Wallace’s theory was that the “luxuriant vegetation of the tropics” served as a year-round natural camouflage, while the plumage of northern birds had to be adapted to the leafless winter trees, Phys.org reported. Cooney noted that some of the predictions made by Wallace were supported by the study’s findings.
“Looking at broad-scale patterns, we found that colourfulness was highest in birds from dense, closed forest habitats (such as rainforests) and in birds consuming fruits and floral nectar, both of which are more prevalent at tropical latitudes,” Cooney told EcoWatch. “This suggests the need for bright visual communication in dark tropical forests and the ability to acquire colour-forming compounds in the diet as two potential drivers of this pattern. We also found an association between colourfulness and bird community diversity – that is, the average number of songbird species co-occurring in the same location. This finding supports the idea that enhanced colourfulness may help equatorial species to distinguish themselves from others in species-rich tropical communities.”
Pigments and “structural” processes are used to achieve the birds’ spectacular colors.
“Birds can be colourful in many different ways but often being colourful involves displaying colours that are produced by several different colouration mechanisms.

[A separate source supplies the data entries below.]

lemma regular_homogeneous_inverse_degree:
  assumes x: "x \<in> G s" and reg: "x * r * x = x"
  shows "\<exists>r'\<in>G (ginv m s). x * r' * x = x"
proof (cases "x = 0")
  case True
  then show ?thesis
    using zero_G by auto
next
  case False
  then have "s \<noteq> z"
    using x G_nonzero_degree by blast
  obtain F f where F: "finite F" "\<forall>t\<in>F. f t \<in> G t" "r = (\<Sum>t\<in>F. f t)"
    using homogeneous_decomposition by blast
  define r' where "r' = (\<Sum>t | t \<in> F \<and> t = ginv m s. f t)"
  have "r' \<in> G (ginv m s)"
    unfolding r'_def using F(2) by (intro add_subgroup_sum[OF add_subgroup_G]) auto
  have "(\<Sum>t\<in>F. x * f t * x) = x"
    using reg unfolding F(3) by (simp add: sum_distrib_left sum_distrib_right)
  then have "(\<Sum>t | t \<in> F \<and> m (m s t) s = s. x * f t * x) = x"
    using F(1,2) x mult_G by (intro homogeneous_component) auto
  moreover have "{t. t \<in> F \<and> m (m s t) s = s} = {t. t \<in> F \<and> t = ginv m s}"
    using inner_inverse_iff_ginv[OF cancellative LRI z_absorbing(1) \<open>s \<noteq> z\<close>] by blast
  ultimately have "x * r' * x = x"
    unfolding r'_def by (simp add: sum_distrib_left sum_distrib_right)
  with \<open>r' \<in> G (ginv m s)\<close> show ?thesis ..
qed

lemma rideal_gen_insert_homogeneous:
  assumes vnr: "graded_von_neumann_regular G"
    and u: "u \<in> G e" "u * u = u" and x: "x \<in> G s" "x \<noteq> 0"
    and e: "m s (ginv m s) = e"
  shows "\<exists>w\<in>G e. w * w = w \<and> rideal_gen {x, u} = rideal_gen {w}"
proof -
  obtain e' f where "lri_wit m s (ginv m s) e' f"
    using ginv_wit G_nonzero_degree x by blast
  then have "m e s = s" "m e e = e"
    using e unfolding lri_wit_def by auto
  define x' where "x' = x - u * x"
  have "x' \<in> G s"
    unfolding x'_def using mult_G[OF u(1) x(1)] \<open>m e s = s\<close> x(1)
    by (intro add_subgroup_diff[OF add_subgroup_G]) auto
  then obtain r where r: "r \<in> G (ginv m s)" "x' * r * x' = x'"
    using vnr regular_homogeneous_inverse_degree
    unfolding graded_von_neumann_regular_def homog_def by (metis UNIV_I UN_I)
  define v where "v = x' * r"
  have "v \<in> G e"
    using mult_G[OF \<open>x' \<in> G s\<close> r(1)] e by (simp add: v_def)
  have "v * v = v"
    using r(2) by (metis v_def mult.assoc)
  have "u * v = 0"
    using u(2) by (simp add: v_def x'_def right_diff_distrib mult.assoc[symmetric])
  define w where "w = u + v - v * u"
  have "w \<in> G e"
    unfolding w_def using u(1) \<open>v \<in> G e\<close> mult_G[OF \<open>v \<in> G e\<close> u(1)] \<open>m e e = e\<close>
    by (auto intro!: add_subgroup_diff[OF add_subgroup_G] add_subgroup_add[OF add_subgroup_G])
  have "w * w = w"
    using idempotent_combine[OF u(2) \<open>v * v = v\<close> \<open>u * v = 0\<close>] by (simp add: w_def)
  have "rideal_gen {x, u} = rideal_gen {x', u}"
    unfolding x'_def using rideal_gen_mult rideal_gen_superset
    by (intro rideal_gen_insert_diff[symmetric]) blast
  also have "\<dots> = rideal_gen {v, u}"
    using rideal_gen_Un_cong[OF rideal_gen_regular[OF r(2)] refl, of "{u}"]
    by (simp add: v_def insert_commute)
  also have "\<dots> = rideal_gen {w}"
    using rideal_gen_idempotent_combine[OF u(2) \<open>v * v = v\<close> \<open>u * v = 0\<close>]
    by (simp add: w_def insert_commute)
  finally show ?thesis
    using \<open>w \<in> G e\<close> \<open>w * w = w\<close> by blast
qed

lemma rideal_gen_homogeneous_idempotent:
  assumes vnr: "graded_von_neumann_regular G"
  shows "finite X \<Longrightarrow> X \<subseteq> homog G \<Longrightarrow> \<forall>x\<in>X. x \<noteq> 0 \<longrightarrow> m (deg G x) (ginv m (deg G x)) = e
    \<Longrightarrow> \<exists>u\<in>G e. u * u = u \<and> rideal_gen X = rideal_gen {u}"
proof (induction X rule: finite_induct)
  case empty
  have "rideal_gen {} = rideal_gen {0}"
    using rideal_gen_insert_zero[of "{}", symmetric] by simp
  then show ?case
    using zero_G[of e] by (intro bexI[of _ 0]) auto
next
  case (insert x X)
  then obtain u where u: "u \<in> G e" "u * u = u" "rideal_gen X = rideal_gen {u}"
    by auto
  have "rideal_gen (insert x X) = rideal_gen {x, u}"
    using rideal_gen_Un_cong[OF refl u(3), of "{x}"] by (simp add: insert_commute)
  consider "x = 0" | s where "x \<in> G s" "x \<noteq> 0"
    using insert.prems(1) unfolding homog_def by auto
  then show ?case
  proof cases
    case 1
    then show ?thesis
      using u \<open>rideal_gen (insert x X) = rideal_gen {x, u}\<close> by (auto simp: rideal_gen_insert_zero)
  next
    case (2 s)
    then have "m s (ginv m s) = e"
      using insert.prems(2) deg_eq by auto
    then show ?thesis
      using rideal_gen_insert_homogeneous[OF vnr u(1,2) 2] \<open>rideal_gen (insert x X) = rideal_gen {x, u}\<close>
      by auto
  qed
qed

For example, dark colours such as blacks and browns are produced by a pigment called melanin that is deposited in the feathers. Likewise, brighter colours such as reds, oranges and yellows are produced by depositing a different set of pigments called carotenoids,” explained Cooney. “In contrast to these ‘pigmentary’ colour mechanisms, some birds can produce colour using ‘structural’ mechanisms, which involve fine-scale structural modifications to the feathers to reflect certain wavelengths of light. In particular, many blues, violets and ultraviolet bird colours are produced by structural mechanisms… [B]irds with the most colourful plumage (such as the Paradise Tanager) will likely produce these colours using a variety of mechanisms.”
How the climate crisis will affect the coloration of animals throughout the world remains to be seen.
“[U]nfortunately it is not yet well known how climate change (and other forms of environmental change) will affect trends in animal colouration. However, this is an increasingly active area of research and hopefully large datasets of animal colouration such as ours will allow us to investigate the relationship between colour and climate more deeply, and so shed light on the implications of climate change for global trends in colouration,” Cooney said.